AIM OF THE TASK: With the line containing "es \<noteq> [] \<and> length" as the start and the line containing "(\<exists>r\<in>B \<inter> C." as the end, transcribe that span of the entries below exactly, including both.

---------- DATA FOR PROCESSING ----------

(* Let $\mathcal{G}$ be an $A$-compatible P-graph with associated map $\mu$ satisfying condition ( * ): for every $\ell'\in\{1,\dots,m\}$ and $i\in\{1,\dots,d\}$, every directed path from $j_i$ to $\ell'$ that contains an edge in $\mathcal{E}^-$ goes through $m+1$. Let $k\in\{1,\dots,d+1\}$, $\widetilde B\in\mathcal{B}^k$, $\ell\in\{1,\dots,m+1\}\setminus\widetilde B$, $B=\widetilde B\cup\{\ell\}$. Then for every $\zeta\in\Lambda_\mathcal{G}(F,B)$, \[\psi_F^{-1}(\zeta)=\Big\{E\cup(\zeta\cap\mathcal{E}^+) \;:\; E\in\underset{e\in\zeta\cap\mathcal{E}^-}{\odot}\big(\{e\}\cup\mu(e)\big)\Big\}.\]
   Context: $R$ is a partially ordered commutative ring. Let $d\ge0$, $m_0,\dots,m_d\ge0$ with $m=m_0+\cdots+m_d$. $A\in R^{m\times m}$, $b\in R^m$: for $i=1,\dots,d$ the rows indexed by $\mathcal{N}_i=\{1+\sum_{j<i}m_j,\dots,\sum_{j\le i}m_j\}$ are zero outside the columns indexed by $\mathcal{N}_i$, where they form a square $A_i$, and the corresponding subvector $b^i$ has at most one nonzero entry; the last $m_0$ rows form an arbitrary $A_0\in R^{m_0\times m}$ with arbitrary $b^0$. $\mathcal{N}=\{1,\dots,m+1\}$, $\mathcal{N}_0=\{m-m_0+1,\dots,m+1\}$, $\mathcal{N}_{d+1}=\{m+1\}$. Fixed $j_i\in\mathcal{N}_i$ with $b_j=0$ for all $j\le m-m_0$, $j\notin\{j_1,\dots,j_d\}$; $F=\{j_1,\dots,j_d,m+1\}$. For pairwise disjoint finite sets, $S_1\odot\cdots\odot S_k=\{\{w_1,\dots,w_k\}:w_j\in S_j\}$; $\mathcal{B}^k=\odot_{j\in\{1,\dots,d+1\}\setminus\{k\}}\mathcal{N}_j$. A multidigraph $\mathcal{G}=(\mathcal{N},\mathcal{E})$ has source/target maps $s,t$, no self-loops, labeling $\pi\colon\mathcal{E}\to R$, Laplacian $L_{ij}=\sum_{e:s(e)=j,t(e)=i}\pi(e)$ ($i\ne j$), $L_{ii}=-\sum_{k\ne i}L_{ki}$. $\mathcal{G}$ is $A$-compatible if (i) no edge goes from a node in $\mathcal{N}_i$ ($i\ge0$) to a node in $\mathcal{N}_j$ with $i\ne j$, $j\ge1$; (ii) for $\ell\notin F$ the $\ell$-th row of $L$ equals the $\ell$-th row of $(A\,|\,b)$. Trees/forests: subgraphs with acyclic underlying undirected graph (connected for trees), rooted at $N$ if $N$ is the only node without outgoing edges; spanning means node set $\mathcal{N}$; forests are identified with edge sets. $\Theta_\mathcal{G}(F,B)$ ($|F|=|B|$): spanning forests with $|B|$ components, each containing a node of $F$ and being a tree rooted at a node of $B$. A cycle is a closed directed path with no repeated nodes. $\mathcal{E}^-=\{e:\pi(e)\in R_{<0}\}$, $\mathcal{E}^+=\{e:\pi(e)\in R_{>0}\}$. $\mathcal{G}$ is a P-graph with associated map $\mu\colon\mathcal{E}^-\to\mathcal{P}(\mathcal{E}^+)$ if (i) $\mathcal{E}=\mathcal{E}^+\sqcup\mathcal{E}^-$; (ii) every cycle contains at most one edge of $\mathcal{E}^-$; (iii) for $e\in\mathcal{E}^-$: (a) $e'\in\mu(e)\Rightarrow s(e')=s(e)$; (b) $e'\in\mu(e)\Rightarrow$ every cycle containing $e'$ contains $t(e)$; (c) $\mu(e)\cap\mu(e')=\emptyset$ for $e\ne e'$; (iv) $\pi(e)+\sum_{e'\in\mu(e)}\pi(e')\in R_{\ge0}$ for all $e\in\mathcal{E}^-$. $\operatorname{im}\mu=\bigcup_e\mu(e)$, $\mu^*\colon\operatorname{im}\mu\to\mathcal{E}^-$, $\mu^*(e')=e$ if $e'\in\mu(e)$. For $\zeta\in\Theta_\mathcal{G}(F,B)$, $\mathcal{E}^F_\zeta=\{E\subseteq\zeta\cap\operatorname{im}\mu:(\zeta\setminus E)\cup\mu^*(E)\in\Theta_\mathcal{G}(F,B)\}$; this family is closed under union and $E^F_\zeta$ denotes its maximum (union of its members). $\Lambda_\mathcal{G}(F,B)=\{\zeta\in\Theta_\mathcal{G}(F,B):\mathcal{E}^F_\zeta=\{\emptyset\}\}$, and $\psi_F\colon\Theta_\mathcal{G}(F,B)\to\Lambda_\mathcal{G}(F,B)$, $\psi_F(\zeta)=(\zeta\setminus E^F_\zeta)\cup\mu^*(E^F_\zeta)$. *)

theory Defs
  imports Main
begin

definition mtot :: "(nat \<Rightarrow> nat) \<Rightarrow> nat \<Rightarrow> nat" where
  "mtot ms d = (\<Sum>j\<le>d. ms j)"

definition Nblk :: "(nat \<Rightarrow> nat) \<Rightarrow> nat \<Rightarrow> nat \<Rightarrow> nat set" where
  "Nblk ms d i =
     (if i = 0 then {mtot ms d - ms 0 + 1 .. mtot ms d + 1}
      else if i \<le> d then {1 + (\<Sum>j\<in>{1..<i}. ms j) .. (\<Sum>j\<in>{1..i}. ms j)}
      else if i = d + 1 then {mtot ms d + 1}
      else {})"

definition odot :: "'i set \<Rightarrow> ('i \<Rightarrow> 'a set) \<Rightarrow> 'a set set" where
  "odot I S = {f ` I | f. \<forall>i\<in>I. f i \<in> S i}"

definition lap :: "'e set \<Rightarrow> ('e \<Rightarrow> nat) \<Rightarrow> ('e \<Rightarrow> nat) \<Rightarrow> ('e \<Rightarrow> 'r::comm_ring)
                    \<Rightarrow> nat set \<Rightarrow> nat \<Rightarrow> nat \<Rightarrow> 'r" where
  "lap E s t \<pi> N i j =
     (if i \<noteq> j then (\<Sum>e\<in>{e\<in>E. s e = j \<and> t e = i}. \<pi> e)
      else - (\<Sum>k\<in>N - {i}. (\<Sum>e\<in>{e\<in>E. s e = i \<and> t e = k}. \<pi> e)))"

definition ucycle :: "('e \<Rightarrow> nat) \<Rightarrow> ('e \<Rightarrow> nat) \<Rightarrow> 'e set \<Rightarrow> 'e list \<Rightarrow> nat list \<Rightarrow> bool" where
  "ucycle s t Z es vs \<longleftrightarrow>
     es \<noteq> [] \<and> length vs = length es + 1 \<and> distinct es \<and> set es \<subseteq> Z \<and>
     hd vs = last vs \<and> distinct (tl vs) \<and>
     (\<forall>i<length es. {s (es ! i), t (es ! i)} = {vs ! i, vs ! Suc i})"

definition forest :: "('e \<Rightarrow> nat) \<Rightarrow> ('e \<Rightarrow> nat) \<Rightarrow> 'e set \<Rightarrow> bool" where
  "forest s t Z \<longleftrightarrow> \<not> (\<exists>es vs. ucycle s t Z es vs)"

definition uedges :: "('e \<Rightarrow> nat) \<Rightarrow> ('e \<Rightarrow> nat) \<Rightarrow> 'e set \<Rightarrow> (nat \<times> nat) set" where
  "uedges s t Z = {(s e, t e) | e. e \<in> Z} \<union> {(t e, s e) | e. e \<in> Z}"

definition ucomp :: "('e \<Rightarrow> nat) \<Rightarrow> ('e \<Rightarrow> nat) \<Rightarrow> 'e set \<Rightarrow> nat set \<Rightarrow> nat \<Rightarrow> nat set" where
  "ucomp s t Z N x = {y \<in> N. (x, y) \<in> (uedges s t Z)\<^sup>*}"

definition comps :: "('e \<Rightarrow> nat) \<Rightarrow> ('e \<Rightarrow> nat) \<Rightarrow> 'e set \<Rightarrow> nat set \<Rightarrow> nat set set" where
  "comps s t Z N = ucomp s t Z N ` N"

(* Theta_G(F,B): spanning forests (edge sets) with |B| components, each containing a node of F
   and being a tree rooted at a node of B (the root is the only node of the component
   without outgoing edges) *)
definition Theta :: "'e set \<Rightarrow> ('e \<Rightarrow> nat) \<Rightarrow> ('e \<Rightarrow> nat) \<Rightarrow> nat set \<Rightarrow> nat set \<Rightarrow> nat set \<Rightarrow> 'e set set" where
  "Theta E s t N F B =
     {Z. Z \<subseteq> E \<and> forest s t Z \<and> card (comps s t Z N) = card B \<and>
         (\<forall>C\<in>comps s t Z N. C \<inter> F \<noteq> {} \<and>
            (\<exists>r\<in>B \<inter> C. \<forall>v\<in>C. (\<not> (\<exists>e\<in>Z. s e = v)) \<longleftrightarrow> v = r))}"

definition dcycle :: "('e \<Rightarrow> nat) \<Rightarrow> ('e \<Rightarrow> nat) \<Rightarrow> 'e list \<Rightarrow> bool" where
  "dcycle s t es \<longleftrightarrow> es \<noteq> [] \<and>
     (\<forall>i. Suc i < length es \<longrightarrow> t (es ! i) = s (es ! Suc i)) \<and>
     t (last es) = s (hd es) \<and> distinct (map s es)"

definition dpath :: "('e \<Rightarrow> nat) \<Rightarrow> ('e \<Rightarrow> nat) \<Rightarrow> 'e list \<Rightarrow> nat \<Rightarrow> nat \<Rightarrow> bool" where
  "dpath s t es u v \<longleftrightarrow> es \<noteq> [] \<and>
     (\<forall>i. Suc i < length es \<longrightarrow> t (es ! i) = s (es ! Suc i)) \<and>
     s (hd es) = u \<and> t (last es) = v \<and> distinct (u # map t es)"

definition pathnodes :: "('e \<Rightarrow> nat) \<Rightarrow> ('e \<Rightarrow> nat) \<Rightarrow> 'e list \<Rightarrow> nat set" where
  "pathnodes s t es = set (map s es) \<union> set (map t es)"

definition Eneg :: "'e set \<Rightarrow> ('e \<Rightarrow> 'r::ordered_comm_ring) \<Rightarrow> 'e set" where
  "Eneg E \<pi> = {e \<in> E. \<pi> e < 0}"

definition Epos :: "'e set \<Rightarrow> ('e \<Rightarrow> 'r::ordered_comm_ring) \<Rightarrow> 'e set" where
  "Epos E \<pi> = {e \<in> E. \<pi> e > 0}"

definition Pgraph :: "'e set \<Rightarrow> ('e \<Rightarrow> nat) \<Rightarrow> ('e \<Rightarrow> nat) \<Rightarrow> ('e \<Rightarrow> 'r::ordered_comm_ring)
                       \<Rightarrow> ('e \<Rightarrow> 'e set) \<Rightarrow> bool" where
  "Pgraph E s t \<pi> \<mu> \<longleftrightarrow>
     E = Epos E \<pi> \<union> Eneg E \<pi> \<and>
     (\<forall>es. dcycle s t es \<and> set es \<subseteq> E \<longrightarrow> card (set es \<inter> Eneg E \<pi>) \<le> 1) \<and>
     (\<forall>e\<in>Eneg E \<pi>. \<mu> e \<subseteq> Epos E \<pi> \<and>
        (\<forall>e'\<in>\<mu> e. s e' = s e) \<and>
        (\<forall>e'\<in>\<mu> e. \<forall>es. dcycle s t es \<and> set es \<subseteq> E \<and> e' \<in> set es
                      \<longrightarrow> t e \<in> set (map s es)) \<and>
        (\<forall>e2\<in>Eneg E \<pi>. e \<noteq> e2 \<longrightarrow> \<mu> e \<inter> \<mu> e2 = {}) \<and>
        \<pi> e + (\<Sum>e'\<in>\<mu> e. \<pi> e') \<ge> 0)"

definition immu :: "'e set \<Rightarrow> ('e \<Rightarrow> 'r::ordered_comm_ring) \<Rightarrow> ('e \<Rightarrow> 'e set) \<Rightarrow> 'e set" where
  "immu E \<pi> \<mu> = (\<Union>e\<in>Eneg E \<pi>. \<mu> e)"

definition mustar :: "'e set \<Rightarrow> ('e \<Rightarrow> 'r::ordered_comm_ring) \<Rightarrow> ('e \<Rightarrow> 'e set) \<Rightarrow> 'e \<Rightarrow> 'e" where
  "mustar E \<pi> \<mu> e' = (THE e. e \<in> Eneg E \<pi> \<and> e' \<in> \<mu> e)"

definition EFfam :: "'e set \<Rightarrow> ('e \<Rightarrow> nat) \<Rightarrow> ('e \<Rightarrow> nat) \<Rightarrow> ('e \<Rightarrow> 'r::ordered_comm_ring)
                      \<Rightarrow> ('e \<Rightarrow> 'e set) \<Rightarrow> nat set \<Rightarrow> nat set \<Rightarrow> nat set \<Rightarrow> 'e set \<Rightarrow> 'e set set" where
  "EFfam E s t \<pi> \<mu> N F B Z =
     {X. X \<subseteq> Z \<inter> immu E \<pi> \<mu> \<and> (Z - X) \<union> mustar E \<pi> \<mu> ` X \<in> Theta E s t N F B}"

definition EFmax :: "'e set \<Rightarrow> ('e \<Rightarrow> nat) \<Rightarrow> ('e \<Rightarrow> nat) \<Rightarrow> ('e \<Rightarrow> 'r::ordered_comm_ring)
                      \<Rightarrow> ('e \<Rightarrow> 'e set) \<Rightarrow> nat set \<Rightarrow> nat set \<Rightarrow> nat set \<Rightarrow> 'e set \<Rightarrow> 'e set" where
  "EFmax E s t \<pi> \<mu> N F B Z = \<Union> (EFfam E s t \<pi> \<mu> N F B Z)"

definition Lambda :: "'e set \<Rightarrow> ('e \<Rightarrow> nat) \<Rightarrow> ('e \<Rightarrow> nat) \<Rightarrow> ('e \<Rightarrow> 'r::ordered_comm_ring)
                       \<Rightarrow> ('e \<Rightarrow> 'e set) \<Rightarrow> nat set \<Rightarrow> nat set \<Rightarrow> nat set \<Rightarrow> 'e set set" where
  "Lambda E s t \<pi> \<mu> N F B = {Z \<in> Theta E s t N F B. EFfam E s t \<pi> \<mu> N F B Z = {{}}}"

definition psiF :: "'e set \<Rightarrow> ('e \<Rightarrow> nat) \<Rightarrow> ('e \<Rightarrow> nat) \<Rightarrow> ('e \<Rightarrow> 'r::ordered_comm_ring)
                     \<Rightarrow> ('e \<Rightarrow> 'e set) \<Rightarrow> nat set \<Rightarrow> nat set \<Rightarrow> nat set \<Rightarrow> 'e set \<Rightarrow> 'e set" where
  "psiF E s t \<pi> \<mu> N F B Z =
     (Z - EFmax E s t \<pi> \<mu> N F B Z) \<union> mustar E \<pi> \<mu> ` EFmax E s t \<pi> \<mu> N F B Z"

end

theory Submission
  imports Defs "HOL-Library.Transitive_Closure_Table"
begin

lemma rtrancl_path_successively:
  "rtrancl_path r x ys y \<Longrightarrow> successively r (x # ys) \<and> last (x # ys) = y"
  by (induction rule: rtrancl_path.induct) (auto simp: successively_Cons)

----------

ANSWER TO THIS PROBLEM:
     es \<noteq> [] \<and> length vs = length es + 1 \<and> distinct es \<and> set es \<subseteq> Z \<and>
     hd vs = last vs \<and> distinct (tl vs) \<and>
     (\<forall>i<length es. {s (es ! i), t (es ! i)} = {vs ! i, vs ! Suc i})"

definition forest :: "('e \<Rightarrow> nat) \<Rightarrow> ('e \<Rightarrow> nat) \<Rightarrow> 'e set \<Rightarrow> bool" where
  "forest s t Z \<longleftrightarrow> \<not> (\<exists>es vs. ucycle s t Z es vs)"

definition uedges :: "('e \<Rightarrow> nat) \<Rightarrow> ('e \<Rightarrow> nat) \<Rightarrow> 'e set \<Rightarrow> (nat \<times> nat) set" where
  "uedges s t Z = {(s e, t e) | e. e \<in> Z} \<union> {(t e, s e) | e. e \<in> Z}"

definition ucomp :: "('e \<Rightarrow> nat) \<Rightarrow> ('e \<Rightarrow> nat) \<Rightarrow> 'e set \<Rightarrow> nat set \<Rightarrow> nat \<Rightarrow> nat set" where
  "ucomp s t Z N x = {y \<in> N. (x, y) \<in> (uedges s t Z)\<^sup>*}"

definition comps :: "('e \<Rightarrow> nat) \<Rightarrow> ('e \<Rightarrow> nat) \<Rightarrow> 'e set \<Rightarrow> nat set \<Rightarrow> nat set set" where
  "comps s t Z N = ucomp s t Z N ` N"

(* Theta_G(F,B): spanning forests (edge sets) with |B| components, each containing a node of F
   and being a tree rooted at a node of B (the root is the only node of the component
   without outgoing edges) *)
definition Theta :: "'e set \<Rightarrow> ('e \<Rightarrow> nat) \<Rightarrow> ('e \<Rightarrow> nat) \<Rightarrow> nat set \<Rightarrow> nat set \<Rightarrow> nat set \<Rightarrow> 'e set set" where
  "Theta E s t N F B =
     {Z. Z \<subseteq> E \<and> forest s t Z \<and> card (comps s t Z N) = card B \<and>
         (\<forall>C\<in>comps s t Z N. C \<inter> F \<noteq> {} \<and>
            (\<exists>r\<in>B \<inter> C. \<forall>v\<in>C. (\<not> (\<exists>e\<in>Z. s e = v)) \<longleftrightarrow> v = r))}"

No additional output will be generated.